Monday, October 28, 2013
According to Wal-Mart, over 50% of Wal-Mart's 1 million, full-time U.S. employees earn less than $25,000 per year. In other words, many of these employees, working full-time, do not earn enough to lift their family out of poverty. Consequently, Wal-Mart depends upon taxpayers to subsidize Wal-Mart by providing vital financial aid (e.g., SNAP, the renamed federal food stamp program) to Wal-Mart employees.
Public subsidies for Wal-Mart are expensive. For example, a new report from Democrats on the House of Representatives' Committee on Education and the Workforce "estimates that a single 300-person Wal-Mart Supercenter store in Wisconsin likely costs taxpayers at least $904,542 per year and could cost taxpayers up to $1,744,590 per year – about $5,815 per employee."
Wal-Mart's advertised low prices are thus deceptive. Consumers pay those low prices when they purchase an item. Then taxpayers pay, supplementing employee pay through various aid programs.
Changing minimum wage laws to require companies to pay living wages might marginally reduce employment but would represent a net gain for the economy, shifting the burden of paying employees from a government-business hybrid model to employers, where that responsibility belongs in a capitalist system. Living wages would also boost employee morale (better to be self-sufficient than on welfare!), making low-income jobs more attractive to U.S. citizens. This might, in turn, contribute to reducing the problem of illegal immigration.
Low wages are even more prevalent in fast food restaurants than in retail establishments:
The chart below presents the estimated cost to the government of subsidizing, through public assistance, low wages for about 52% of the employees at the 10 largest fast food companies:
The 10 companies generated $7.44 billion in profits, i.e., the companies would have been profitable even if they had paid their employees an extra $3.8 billion, the entire cost of the public assistance. The research included only Medicaid, the Children's Health Insurance Program (CHIP), the Earned Income Tax Credit, food stamps, and Temporary Assistance for Needy Families; if it included all government programs, such as child-care subsidies and reduced price school lunches, the total would be higher.
Substituting earned income through higher wages for welfare benefits employees, government, taxpayers, and even the employer (e.g., happier, higher paid employees are more likely to change jobs less often and to perform better). The average hourly wage for non-managerial, fast food employees is a miserly $8.69 according to a study by researchers at the University of California, Berkeley.

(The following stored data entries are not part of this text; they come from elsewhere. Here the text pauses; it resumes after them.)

lemma has_cycle_if_min_degree_2:
  assumes "finite V" "V \<noteq> {}" "irreflp adj"
    and two_nbrs: "\<And>x. x \<in> V \<Longrightarrow> \<exists>y\<in>V. \<exists>z\<in>V. y \<noteq> z \<and> adj x y \<and> adj x z"
  shows "has_cycle adj"
proof -
  define path where "path xs \<longleftrightarrow> xs \<noteq> [] \<and> distinct xs \<and> set xs \<subseteq> V \<and> successively adj xs" for xs
  obtain x0 where "x0 \<in> V"
    using assms(2) by blast
  then have "path [x0]"
    by (simp add: path_def)
  moreover have "length xs < card V + 1" if "path xs" for xs
    using that assms(1) by (metis path_def card_mono distinct_card less_Suc_eq_le Suc_eq_plus1)
  ultimately obtain xs where "path xs" and longest: "\<And>ys. path ys \<Longrightarrow> length ys \<le> length xs"
    using Lattices_Big.ex_has_greatest_nat[of path "[x0]" length "card V + 1"] by blast
  define n where "n = length xs"
  have xs: "xs \<noteq> []" "distinct xs" "set xs \<subseteq> V" "successively adj xs"
    using \<open>path xs\<close> by (auto simp: path_def)
  have "last xs \<in> V"
    using xs by auto
  \<comment> \<open>a neighbour of the endpoint other than its predecessor (for a one-vertex path,
    \<open>rev xs ! 1\<close> is just some unspecified value)\<close>
  then obtain w where w: "w \<in> V" "adj (last xs) w" "w \<noteq> rev xs ! 1"
    using two_nbrs by metis
  have "w \<in> set xs"
  proof (rule ccontr)
    assume "w \<notin> set xs"
    then have "path (xs @ [w])"
      using xs w by (simp add: path_def successively_append_iff)
    then show False
      using longest by fastforce
  qed
  then obtain j where j: "j < n" "xs ! j = w"
    by (auto simp: in_set_conv_nth n_def)
  have "j \<noteq> n - 1"
    using j w(2) assms(3) xs(1) by (auto simp: last_conv_nth n_def irreflp_def)
  moreover have "j \<noteq> n - 2"
  proof
    assume "j = n - 2"
    with j(1) \<open>j \<noteq> n - 1\<close> have "rev xs ! 1 = xs ! j"
      by (simp add: rev_nth n_def numeral_2_eq_2)
    with j(2) w(3) show False
      by simp
  qed
  ultimately have "j + 3 \<le> n"
    using j(1) by linarith
  then have "is_cycle adj (drop j xs)"
    using xs j w(2) by (auto simp: is_cycle_iff successively_drop hd_drop_conv_nth n_def)
  then show ?thesis
    unfolding has_cycle_def by blast
qed
lemma nn_integral_Min_coordinate_dist_powr_le:
  fixes s :: real and F :: "(real ^ 'k) set" and ys :: "'i \<Rightarrow> real ^ 'k"
  assumes s: "0 < s" "s < real CARD('k)" and F: "F \<in> lmeasurable" and I: "finite I" "I \<noteq> {}"
  shows "(\<integral>\<^sup>+ y \<in> F. ennreal ((\<Sum>l\<in>UNIV. Min ((\<lambda>i. \<bar>y $ l - ys i $ l\<bar> ^ 2) ` I)) powr - (s / 2)) \<partial>lebesgue)
    \<le> ennreal (2 powr s * (1 + 2 powr s / (1 - 2 powr s / 2 ^ CARD('k))) * real (card I) powr s
                * measure lebesgue F powr (1 - s / real CARD('k)))"
proof -
  define K where "K = CARD('k)"
  define N where "N = real (card I)"
  define V where "V = measure lebesgue F"
  have K: "0 < K" and N: "0 < N"
    using I by (simp_all add: K_def N_def card_gt_0_iff)
  have emF: "emeasure lebesgue F = ennreal V"
    unfolding V_def using F by (simp add: emeasure_eq_measure2)
  consider "V = 0" | "0 < V"
    using measure_nonneg[of lebesgue F] unfolding V_def by linarith
  then show ?thesis
  proof cases
    case 1
    then have "F \<in> null_sets lebesgue"
      using F emF by (simp add: null_sets_def fmeasurableD)
    then show ?thesis
      by (simp add: nn_integral_null_set)
  next
    case 2
    define r0 where "r0 = V powr (1 / K) / (2 * N)"
    have r0: "0 < r0"
      unfolding r0_def using 2 N by simp
    have "(\<integral>\<^sup>+ y \<in> F. ennreal ((\<Sum>l\<in>UNIV. Min ((\<lambda>i. \<bar>y $ l - ys i $ l\<bar> ^ 2) ` I)) powr - (s / 2)) \<partial>lebesgue)
        \<le> ennreal (r0 powr - s) * emeasure lebesgue F
          + ennreal (2 powr s * (2 * N) ^ K * r0 ^ K * r0 powr - s / (1 - 2 powr s / 2 ^ K))"
      using nn_integral_Min_coordinate_dist_powr_le_radius[OF s r0 fmeasurableD[OF F] I]
      unfolding K_def N_def .
    also have "\<dots> = ennreal (r0 powr - s * V + 2 powr s * (2 * N) ^ K * r0 ^ K * r0 powr - s / (1 - 2 powr s / 2 ^ K))"
      using 2 N r0 two_powr_div_two_pow_less_one[OF s(2)] unfolding emF K_def
      by (subst ennreal_plus) (simp_all add: ennreal_mult)
    also have "\<dots> = ennreal (2 powr s * (1 + 2 powr s / (1 - 2 powr s / 2 ^ K)) * N powr s * V powr (1 - s / K))"
      unfolding r0_def dyadic_bound_at_optimal_radius[OF 2 N K] ..
    finally show ?thesis
      unfolding K_def N_def V_def .
  qed
qed
definition walk_matrix :: "nat \<Rightarrow> (bool list \<Rightarrow> int) \<Rightarrow> nat \<Rightarrow> nat \<Rightarrow> int" where
  "walk_matrix n h i j = (\<Sum>w\<in>supp h. h w * walk_entry n w i j)"

lemma walk_matrix_eq_sum:
  assumes "finite A" "supp h \<subseteq> A"
  shows "walk_matrix n h i j = (\<Sum>w\<in>A. h w * walk_entry n w i j)"
  unfolding walk_matrix_def using assms by (intro sum.mono_neutral_left) (auto simp: supp_def)

lemma walk_matrix_word: "walk_matrix n (word u) i j = walk_entry n u i j"
  by (simp add: walk_matrix_def) (simp add: word_def)

lemma walk_matrix_sum:
  assumes "finite K" "\<And>k. k \<in> K \<Longrightarrow> finite (supp (h k))"
  shows "walk_matrix n (\<lambda>w. \<Sum>k\<in>K. h k w) i j = (\<Sum>k\<in>K. walk_matrix n (h k) i j)"
proof -
  let ?A = "\<Union>k\<in>K. supp (h k)"
  have "supp (\<lambda>w. \<Sum>k\<in>K. h k w) \<subseteq> ?A"
    by (auto simp: supp_def dest: sum.not_neutral_contains_not_neutral)
  moreover have "finite ?A" using assms by auto
  moreover have "supp (h k) \<subseteq> ?A" if "k \<in> K" for k
    using that by auto
  ultimately show ?thesis
    using assms by (simp add: walk_matrix_eq_sum[of ?A] sum_distrib_right sum.swap[of _ K])
qed

lemma walk_matrix_smult:
  "finite (supp h) \<Longrightarrow> walk_matrix n (\<lambda>w. z * h w) i j = z * walk_matrix n h i j"
proof -
  assume "finite (supp h)"
  moreover have "supp (\<lambda>w. z * h w) \<subseteq> supp h" by (auto simp: supp_def)
  ultimately show ?thesis
    by (simp add: walk_matrix_eq_sum[of "supp h"] sum_distrib_left mult.assoc)
qed

lemma walk_matrix_uminus: "finite (supp h) \<Longrightarrow> walk_matrix n (\<lambda>w. - h w) i j = - walk_matrix n h i j"
  using walk_matrix_smult[of h n "- 1"] by simp

lemma walk_matrix_mult:
  assumes "finite (supp f)" "finite (supp g)"
  shows "walk_matrix n (fr_mult f g) i j = (\<Sum>m<n. walk_matrix n f i m * walk_matrix n g m j)"
proof -
  let ?A = "supp f" and ?B = "supp g"
  let ?C = "(\<lambda>(a, b). a @ b) ` (?A \<times> ?B)"
  have "walk_matrix n (fr_mult f g) i j
      = (\<Sum>c\<in>?C. \<Sum>a\<in>?A. \<Sum>b\<in>?B. if a @ b = c then f a * g b * walk_entry n c i j else 0)"
    using assms supp_fr_mult[of f g]
    by (simp add: walk_matrix_eq_sum[of ?C] fr_mult_eq_sum_supports[of ?A ?B] sum_distrib_right
        if_distrib if_distribR cong: if_cong)
  also have "\<dots> = (\<Sum>a\<in>?A. \<Sum>b\<in>?B. \<Sum>c\<in>?C. if a @ b = c then f a * g b * walk_entry n c i j else 0)"
    by (subst sum.swap) (simp only: sum.swap[of _ ?C])
  also have "\<dots> = (\<Sum>a\<in>?A. \<Sum>b\<in>?B. f a * g b * walk_entry n (a @ b) i j)"
    using assms by (intro sum.cong refl) (force simp: sum.delta)
  also have "\<dots> = (\<Sum>a\<in>?A. \<Sum>b\<in>?B. \<Sum>m<n. (f a * walk_entry n a i m) * (g b * walk_entry n b m j))"
    by (simp add: walk_entry_append sum_distrib_left mult_ac)
  also have "\<dots> = (\<Sum>m<n. walk_matrix n f i m * walk_matrix n g m j)"
    unfolding walk_matrix_def sum_product by (subst sum.swap) (simp only: sum.swap[of _ "{..<n}"])
  finally show ?thesis .
qed

lemma walk_matrix_add:
  assumes "finite (supp f)" "finite (supp g)"
  shows "walk_matrix n (\<lambda>w. f w + g w) i j = walk_matrix n f i j + walk_matrix n g i j"
proof -
  have "supp (\<lambda>w. f w + g w) \<subseteq> supp f \<union> supp g" by (auto simp: supp_def)
  with assms show ?thesis
    by (simp add: walk_matrix_eq_sum[of "supp f \<union> supp g"] sum.distrib distrib_right)
qed

lemma walk_matrix_diff:
  assumes "finite (supp f)" "finite (supp g)"
  shows "walk_matrix n (\<lambda>w. f w - g w) i j = walk_matrix n f i j - walk_matrix n g i j"
proof -
  have "supp (\<lambda>w. f w - g w) \<subseteq> supp f \<union> supp g" by (auto simp: supp_def)
  with assms show ?thesis
    by (simp add: walk_matrix_eq_sum[of "supp f \<union> supp g"] sum_subtractf left_diff_distrib)
qed

definition walk_kernel :: "nat \<Rightarrow> int \<Rightarrow> (bool list \<Rightarrow> int) set" where
  "walk_kernel n N = {h \<in> carrier free_ring2. \<forall>i j. N dvd walk_matrix n h i j}"

lemma ideal_walk_kernel: "ideal (walk_kernel n N) free_ring2"
proof (rule idealI[OF ring_free_ring2])
  show "subgroup (walk_kernel n N) (add_monoid free_ring2)"
  proof (rule free_ring2.add.subgroupI)
    have "(\<lambda>w. 0) \<in> walk_kernel n N"
      by (simp add: walk_kernel_def carrier_free_ring2 walk_matrix_def supp_def)
    then show "walk_kernel n N \<noteq> {}" by blast
  next
    fix f assume "f \<in> walk_kernel n N"
    then show "\<ominus>\<^bsub>free_ring2\<^esub> f \<in> walk_kernel n N"
      by (auto simp: walk_kernel_def a_inv_free_ring2 walk_matrix_uminus carrier_free_ring2 supp_def)
  qed (auto simp: walk_kernel_def carrier_free_ring2 walk_matrix_add finite_supp_add)
qed (auto simp: walk_kernel_def carrier_free_ring2 walk_matrix_mult finite_supp_fr_mult
    intro!: dvd_sum)

definition relators :: "nat \<Rightarrow> int \<Rightarrow> (bool list \<Rightarrow> int) set" where
  "relators n N = { gen_x [^]\<^bsub>free_ring2\<^esub> n,
       gen_y [^]\<^bsub>free_ring2\<^esub> n,
       (gen_x \<otimes>\<^bsub>free_ring2\<^esub> gen_y)
         \<oplus>\<^bsub>free_ring2\<^esub> (add_pow free_ring2 (N + 1)
              ((gen_y [^]\<^bsub>free_ring2\<^esub> (n - 1)) \<otimes>\<^bsub>free_ring2\<^esub> (gen_x [^]\<^bsub>free_ring2\<^esub> (n - 1))))
         \<ominus>\<^bsub>free_ring2\<^esub> \<one>\<^bsub>free_ring2\<^esub> }"

lemma presented_ring_eq: "presented_ring n N = free_ring2 Quot genideal free_ring2 (relators n N)"
  by (simp add: presented_ring_def relators_def)

lemma relators_eq_words:
  "relators n N = {word (replicate n True), word (replicate n False),
     \<lambda>w. word [True, False] w + (N + 1) * word (replicate (n - 1) False @ replicate (n - 1) True) w
       - word [] w}"
  by (simp add: relators_def gen_x_eq_word gen_y_eq_word word_pow word_mult fr_one_eq_word
      add_pow_free_ring2 a_minus_def a_inv_free_ring2)

lemma relators_closed: "relators n N \<subseteq> carrier free_ring2"
  by (simp add: relators_eq_words carrier_free_ring2 finite_supp_add finite_supp_diff finite_supp_smult)

lemma relators_walk_kernel:
  assumes "0 < n"
  shows "relators n N \<subseteq> walk_kernel n N"
proof -
  let ?u = "replicate (n - 1) False @ replicate (n - 1) True"
  have "walk_entry n (replicate n b) i j = 0" for b i j
    using walk_replicate_True[of n i n "[]"] walk_replicate_False[of n i n "[]"]
    by (cases b) (auto simp: walk_entry_def)
  moreover have "N dvd walk_entry n [True, False] i j + (N + 1) * walk_entry n ?u i j
      - walk_entry n [] i j" for i j
  proof -
    have "walk n i ?u = (if i = 0 then Some 0 else None)"
      using assms by (simp add: walk_replicate_False walk_replicate_True[of n _ _ "[]", simplified])
        linarith
    then have "walk_entry n [True, False] i j + (N + 1) * walk_entry n ?u i j
        - walk_entry n [] i j = (if i = 0 \<and> j = 0 then N else 0)"
      using assms by (auto simp: walk_entry_def)
    then show ?thesis by simp
  qed
  moreover have "walk_matrix n (\<lambda>w. word [True, False] w + (N + 1) * word ?u w - word [] w) i j
      = walk_entry n [True, False] i j + (N + 1) * walk_entry n ?u i j - walk_entry n [] i j" for i j
    by (simp add: walk_matrix_diff walk_matrix_add walk_matrix_smult walk_matrix_word
        finite_supp_add finite_supp_smult)
  ultimately show ?thesis
    using relators_closed[of n N] by (simp add: relators_eq_words walk_kernel_def walk_matrix_word)
qed

section \<open>Matrix units from the relations\<close>

locale xy_relations = ring R for R (structure) +
  fixes X Y :: 'a and m :: nat and N :: int
  assumes X_closed [simp]: "X \<in> carrier R" and Y_closed [simp]: "Y \<in> carrier R"
    and X_pow: "X [^] Suc m = \<zero>" and Y_pow: "Y [^] Suc m = \<zero>"
    and XY_relation: "X \<otimes> Y \<oplus> [(N + 1)] \<cdot> (Y [^] m \<otimes> X [^] m) \<ominus> \<one> = \<zero>"
begin

definition e :: 'a where
  "e = [(N + 1)] \<cdot> (Y [^] m \<otimes> X [^] m)"

definition E :: "nat \<Rightarrow> nat \<Rightarrow> 'a" where
  "E i j = X [^] i \<otimes> e \<otimes> Y [^] j"

definition S :: "nat \<Rightarrow> 'a" where
  "S k = (\<Oplus>i\<in>{..<k}. E i i)"

lemma e_closed [simp]: "e \<in> carrier R"
  by (simp add: e_def)

lemma E_closed [simp]: "E i j \<in> carrier R"
  by (simp add: E_def)

lemma S_closed [simp]: "S k \<in> carrier R"
  by (simp add: S_def)

lemma S_Suc: "S (Suc k) = S k \<oplus> E k k"
  by (simp add: S_def finsum_lessThan_Suc)

lemma X_pow_ge: "Suc m \<le> k \<Longrightarrow> X [^] k = \<zero>"
  using nat_pow_mult[of X "Suc m" "k - Suc m"] X_pow by (simp del: nat_pow_Suc)

lemma Y_pow_ge: "Suc m \<le> k \<Longrightarrow> Y [^] k = \<zero>"
  using nat_pow_mult[of Y "Suc m" "k - Suc m"] Y_pow by (simp del: nat_pow_Suc)

lemma XY_eq: "X \<otimes> Y = \<one> \<ominus> e"
proof -
  have "X \<otimes> Y = (X \<otimes> Y \<oplus> e \<ominus> \<one>) \<oplus> (\<one> \<ominus> e)"
    using X_closed Y_closed e_closed by algebra
  then show ?thesis using XY_relation by (simp add: e_def)
qed
(* Let $\tilde A\in\mathbb{R}^{m\times s}$ have full column rank, $W=\tilde A^\top\tilde A$, $\tilde\lambda>0$, and $r\in\mathbb{R}^s$. Let $u^*=W^{-1}r$, $v^*=(W+\tilde\lambda I)^{-1}r$ and $z^*=\frac1{\tilde\lambda}(u^*-v^* )$ (so that $z^*=(W^2+\tilde\lambda W)^{-1}r$). Suppose $\hat u,\hat v\in\mathbb{R}^s$ satisfy $\|\hat u-u^*\|_W\le\epsilon_{2,1}\|u^*\|_W$ and $\|\hat v-v^*\|_{W+\tilde\lambda I}\le\epsilon_{2,2}\|v^*\|_{W+\tilde\lambda I}$, and let $\hat z=\frac1{\tilde\lambda}(\hat u-\hat v)$. Then $$\|\hat z-z^*\|_{W^2+\tilde\lambda W}\le\frac{1}{\tilde\lambda}\Big(\epsilon_{2,1}\|\tilde A\tilde A^\top+\tilde\lambda I\|+\epsilon_{2,2}\|\tilde A\tilde A^\top\|\Big)\|z^*\|_{W^2+\tilde\lambda W}.$$
   Context: For positive (semi)definite $B$, $\|x\|_B=\sqrt{x^\top Bx}$; $\|\cdot\|$ on matrices is the spectral norm. *)

theory Defs
  imports "HOL-Analysis.Analysis"
begin

definition wnorm :: "real^'n^'n \<Rightarrow> real^'n \<Rightarrow> real" where
  "wnorm B x = sqrt (x \<bullet> (B *v x))"

definition spec_norm :: "real^'n^'m \<Rightarrow> real" where
  "spec_norm A = onorm (\<lambda>x. A *v x)"

end

theory Submission
  imports Defs
begin

text \<open>Put \<open>P = A A\<^sup>T + lam I\<close>. The key identity is \<open>\<parallel>x\<parallel>\<^bsub>W\<^sup>2 + lam W\<^esub> = \<parallel>A x\<parallel>\<^bsub>P\<^esub>\<close>,
  so \<open>zhat - zstar\<close> is measured through \<open>A (uhat - ustar)\<close> and \<open>A (vhat - vstar)\<close> in the
  \<open>P\<close>-seminorm, which satisfies the triangle inequality. From \<open>ustar = (W + lam I) zstar\<close> one
  gets \<open>A ustar = P (A zstar)\<close>, and Cauchy-Schwarz for \<open>P\<close> gives \<open>\<parallel>P y\<parallel>\<^sup>2 \<le> \<parallel>P\<parallel> y\<^sup>T P y\<close>;
  so passing from \<open>\<parallel>_\<parallel>\<^bsub>W\<^esub>\<close> to \<open>\<parallel>A _\<parallel>\<^bsub>P\<^esub>\<close> costs a factor \<open>\<parallel>P\<parallel>\<^sup>1\<^sup>/\<^sup>2\<close>, once for the
  error and once for \<open>ustar\<close> against \<open>zstar\<close>. Likewise \<open>vstar = A\<^sup>T (A zstar)\<close>, and exchanging
  \<open>A\<^sup>T A + lam I\<close> with \<open>A A\<^sup>T + lam I\<close> costs a factor \<open>\<parallel>A A\<^sup>T\<parallel>\<^sup>1\<^sup>/\<^sup>2\<close> in either
  direction.\<close>

definition psd :: "real^'n^'n \<Rightarrow> bool" where
  "psd P \<longleftrightarrow> transpose P = P \<and> (\<forall>x. 0 \<le> x \<bullet> (P *v x))"
(* Let $x^*$, $\Delta x$, $S^k$, $L_{s,k}f$, $\beta_k$ and $\zeta$ be as defined in the context, with $f\in C^4(I)$ on an open interval $I$ containing all stencil points for small $\Delta x$. Let $d_0=\frac{1}{35}$, $d_1=\frac{12}{35}$, $d_2=\frac{18}{35}$, $d_3=\frac{4}{35}$, let $s\geq 1$ be an integer, and (taking $\epsilon=0$) define the nonlinear weights $$\omega_k=\frac{\alpha_k}{\sum_{q=0}^3\alpha_q},\qquad \alpha_k=d_k\left[1+\left(\frac{\zeta}{\beta_k^2}\right)^{s}\right],\qquad k=0,1,2,3.$$ Then, as $\Delta x\to 0$ (for $\Delta x$ small enough that all $\beta_k>0$ in the cases below): (i) if $f'(x^* )\neq 0$, then $\omega_k=d_k+O(\Delta x^{6s})$; (ii) if $f'(x^* )=0$ and $f''(x^* )\neq0$, then $\omega_k=d_k+O(\Delta x^{4s})$; (iii) if $f'(x^* )=f''(x^* )=0$ and $f'''(x^* )\neq 0$, then $\omega_k=d_k+O(\Delta x^{2s})$. Consequently the condition $\omega_k-d_k=O(\Delta x^4)$ for $k=0,1,2,3$ holds for every $s\ge1$ in cases (i) and (ii), and for every $s\geq 2$ in case (iii).
   Context: Setup: $x^*\in\mathbb{R}$, $\Delta x>0$, $S^k=\{x^*+(k+i-\tfrac{7}{2})\Delta x : i=0,1,2,3\}$ for $k=0,1,2,3$ (the four 4-point sub-stencils $\{x_{j+k-3},\dots,x_{j+k}\}$ of a uniform grid, with $x^*=x_{j+\frac12}$). For $s'\in\{1,2,3\}$, $L_{s',k}f:=\sum_{x_l\in S^k}c^{[s']}_{k,l}f(x_l)$ where the coefficients uniquely solve $\sum_{x_l\in S^k}c^{[s']}_{k,l}\frac{(x_l-x^* )^m}{m!}=\Delta x^{s'}\delta_{s',m}$ for $m=0,1,2,3$. With fixed parameters $\xi_1,\xi_2\in(0,1]$, $\beta_k=\xi_1|L_{1,k}f|+\xi_2|L_{2,k}f|+|L_{3,k}f|$ and $\zeta=|\beta_0-\beta_3|^2$. The numbers $d_k$ are the ideal (linear) weights of the seventh-order upstream central reconstruction. *)

theory Defs
  imports "HOL-Analysis.Analysis" "HOL-Library.Landau_Symbols"
begin

definition stencil_pt :: "real \<Rightarrow> real \<Rightarrow> nat \<Rightarrow> nat \<Rightarrow> real" where
  "stencil_pt xs dx k i = xs + (real k + real i - 7/2) * dx"

definition stencil_coef :: "real \<Rightarrow> real \<Rightarrow> nat \<Rightarrow> nat \<Rightarrow> nat \<Rightarrow> real" where
  "stencil_coef xs dx s k = (THE c. (\<forall>i\<ge>4. c i = 0) \<and>
     (\<forall>m<4. (\<Sum>i<4. c i * (stencil_pt xs dx k i - xs) ^ m / fact m)
              = dx ^ s * (if s = m then 1 else 0)))"

definition Lop :: "real \<Rightarrow> real \<Rightarrow> nat \<Rightarrow> nat \<Rightarrow> (real \<Rightarrow> real) \<Rightarrow> real" where
  "Lop xs dx s k f = (\<Sum>i<4. stencil_coef xs dx s k i * f (stencil_pt xs dx k i))"

definition beta_ind :: "real \<Rightarrow> real \<Rightarrow> real \<Rightarrow> real \<Rightarrow> (real \<Rightarrow> real) \<Rightarrow> nat \<Rightarrow> real" where
  "beta_ind xi1 xi2 xs dx f k =
     xi1 * \<bar>Lop xs dx 1 k f\<bar> + xi2 * \<bar>Lop xs dx 2 k f\<bar> + \<bar>Lop xs dx 3 k f\<bar>"

definition zeta_ind :: "real \<Rightarrow> real \<Rightarrow> real \<Rightarrow> real \<Rightarrow> (real \<Rightarrow> real) \<Rightarrow> real" where
  "zeta_ind xi1 xi2 xs dx f = \<bar>beta_ind xi1 xi2 xs dx f 0 - beta_ind xi1 xi2 xs dx f 3\<bar> ^ 2"

definition dw :: "nat \<Rightarrow> real" where
  "dw k = (if k = 0 then 1/35 else if k = 1 then 12/35 else if k = 2 then 18/35 else 4/35)"

definition alpha_w :: "nat \<Rightarrow> real \<Rightarrow> real \<Rightarrow> real \<Rightarrow> real \<Rightarrow> (real \<Rightarrow> real) \<Rightarrow> nat \<Rightarrow> real" where
  "alpha_w s xi1 xi2 xs dx f k =
     dw k * (1 + (zeta_ind xi1 xi2 xs dx f / (beta_ind xi1 xi2 xs dx f k) ^ 2) ^ s)"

Fast food workers are twice as likely to rely on public assistance as are employees in other industries.
The chair of the Senate Committee on Health, Education, Labor, and Pensions (HELP) reacted to the two reports in a statement to the press, describing the figures as “stark.”
“Anyone concerned about the federal deficit only needs to look at this report to understand a major source of the problem: multi-billion dollar companies that pay poverty wages and then rely on taxpayers to pick up the slack, to the tune of a quarter of a trillion dollars every year in the form of public assistance to working families,” said Sen. Tom Harkin (D-Iowa). “Seven billion of this is just for fast food workers, more than half of whom, even working full time, still must rely on programs like food stamps and Medicaid just to make ends meet.”
“In a nation as wealthy as the United States, no one who works hard for a living should live in poverty,” Harkin added. “Underpaying workers affects us all. These highly-profitable companies paying poverty wages should raise wages and listen to their workers’ demands to form a union. We should also increase the minimum wage, as I have proposed. These steps are not only the right thing to do for low-wage workers, but also the smart thing to do for the economy and for taxpayers.”
Low wages permit low prices, distorting the economy by creating an illusion that those who are not affluent live well through subsidized shopping at stores like Wal-Mart and dining at fast food restaurants.